What the model is actually doing

A transformer-based LLM processes your prompt by turning each token into a vector, then running that vector through dozens of attention layers. At each layer, the model computes two big matrices, called Keys and Values, or K and V, that encode how every token in the prompt relates to every other token. Generating even a single new output token requires the K and V matrices for the entire prompt.

Normally, every API request recomputes K and V from scratch. That’s the expensive part, the matrix multiplications scale with the square of the prompt length, which is why long prompts are disproportionately slow and costly.

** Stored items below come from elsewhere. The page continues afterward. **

theorem ex_subset_without_clique:
  assumes "finite V" "0 < k" "k \<le> m" "l \<le> k" "(k * m) ^ k < d ^ (k - l)"
    and indep: "\<And>S. S \<subseteq> V \<Longrightarrow> card S = m \<Longrightarrow> has_indep E S k"
    and "m \<le> (k - 1) * q" "q \<le> r * l" "m * d ^ r + (k - 1) * q \<le> card V"
  shows "\<exists>S\<subseteq>V. card S = m \<and> \<not> has_clique E S k"
proof -
  have indep_q: "\<exists>I\<subseteq>W. card I = q \<and> indep_set E I"
    if W: "W \<subseteq> V" "card V \<le> card W + (k - 1) * q" for W
  proof -
    have "finite W" using W(1) assms(1) by (rule finite_subset)
    have "m * d ^ r \<le> card W" using W(2) assms(9) by linarith
    have indep_W: "has_indep E S k" if "S \<subseteq> W" "card S = m" for S
      using indep W(1) that by blast
    obtain J where J: "J \<subseteq> W" "indep_set E J" "card J = r * l"
      using ex_indep_set_with_large_common_nonnbrs
          [OF \<open>finite W\<close> assms(2-5) indep_W \<open>m * d ^ r \<le> card W\<close>]
      by blast
    obtain I where "I \<subseteq> J" "card I = q"
      using obtain_subset_with_card_n[of q J] assms(8) J(3) by auto
    then show ?thesis using J(1) indep_set_subset[OF J(2)] by blast
  qed
  obtain A where A: "A \<subseteq> V" "card A = (k - 1) * q" "\<forall>K\<subseteq>A. clique_set E K \<longrightarrow> card K \<le> k - 1"
    using ex_subset_clique_number_le[of V "k - 1" q E, OF assms(1) indep_q] by auto
  obtain S where S: "S \<subseteq> A" "card S = m"
    using obtain_subset_with_card_n[of m A] assms(7) A(2) by auto
  have "\<not> has_clique E S k"
  proof
    assume "has_clique E S k"
    then obtain K where "K \<subseteq> S" "card K = k" "clique_set E K"
      by (auto simp: has_clique_iff)
    then have "k \<le> k - 1" using A(3) S(1) by (metis subset_trans)
    then show False using assms(2) by linarith
  qed
  then show ?thesis using A(1) S by blast
qed

text \<open>For \<open>n = exp L\<close>, \<open>k = \<lfloor>L\<rfloor>\<close> and \<open>m = \<lceil>L ^ 3 / (100 ln L)\<rceil>\<close> these conditions give
  \<open>k \<le> m < k ^ 4\<close> and bound the number \<open>r\<close> of rounds so that \<open>m * (k ^ 10) ^ r\<close> stays below
  about \<open>exp (L / 2)\<close>; see \<open>greedy_vertex_budget_le\<close>.\<close>

definition admissible_log_scale :: "real \<Rightarrow> bool" where
  "admissible_log_scale L \<longleftrightarrow> 3 \<le> L \<and> L \<le> 1/100 * L ^ 3 / ln L \<and>
     1/100 * L ^ 3 / ln L + 1 < (L - 1) ^ 4 \<and>
     10 * (((1/100 * L ^ 3 / ln L + 1) / (L - 2) + 1) / ((L - 2) / 2) + 1) * ln L \<le> L / 2 \<and>
     (1/100 * L ^ 3 / ln L + 1) * exp (L / 2) + (1/100 * L ^ 3 / ln L + 1) + L \<le> exp L"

Prompt caching changes the contract. On the first request, the provider computes K and V for your prompt as usual, but also saves them in memory, keyed to the exact sequence of tokens that produced them. On subsequent requests that start with the same prefix, the provider jumps straight to the cached matrices and only computes fresh K and V for the tokens that come after the cache boundary. You pay for the skipped computation at a steep discount, because the cost to the provider is essentially zero, it’s just reading back memory it already had.

That’s why the discount is 90% rather than 100%: there’s still memory bandwidth, occasional cache misses where the entry was evicted, and some housekeeping. But it’s close to free.

The “bookmark” analogy

If the above was too dense, here’s the version that holds up:

Imagine you’re reading a dense reference book to answer questions for a stream of callers. The first caller asks something, and you read the whole introduction, slow, thorough, expensive. But now the introduction is loaded in your head. When the second caller asks a different question, you don’t reread the intro; you bookmark where you stopped and jump straight to their question, using the context you already have. The bookmark costs something to place, you had to pay attention to create it, but every subsequent jump is 90% cheaper than re-reading.

Prompt caching is the bookmark. The static prefix is the introduction. Your dynamic question is whatever comes after the bookmark.

What each provider charges in April 2026

Anthropic (Claude Sonnet 4.6 at $3 per million input tokens as the baseline):
– Write cost (5-min cache): 1.25× base = $3.75/MTok
– Write cost (1-hour cache): 2.0× base = $6.00/MTok
– Read cost: 0.10× base = $0.30/MTok (90% discount)
– Requires explicit cache_control on the prompt block
– Up to 4 cache breakpoints per request
– Minimum useful size: ~1,024 tokens

OpenAI (GPT-4 class, automatic):
– Write cost: same as normal input price (no premium)
– Read cost: 50% of input price
– Fully automatic for prompts ≥1,024 tokens, no code changes required
– Cache TTL: 5–10 minutes, not configurable

Google Gemini:
– Write cost: free to cache
– Read cost: 25% of input price (75% discount, most aggressive)
– Storage fees: charged per hour cached
– Minimum prompt size: 32,768 tokens (highest barrier to entry)
– Default TTL: 1 hour, configurable up to 24 hours

Three very different philosophies. Anthropic treats caching as an explicit optimization with the deepest payoff and the most knobs. OpenAI treats it as a transparent efficiency gain users shouldn’t have to think about. Google treats it as an explicit long-context service with the steepest read discount but a 32K minimum that rules out most conversational use.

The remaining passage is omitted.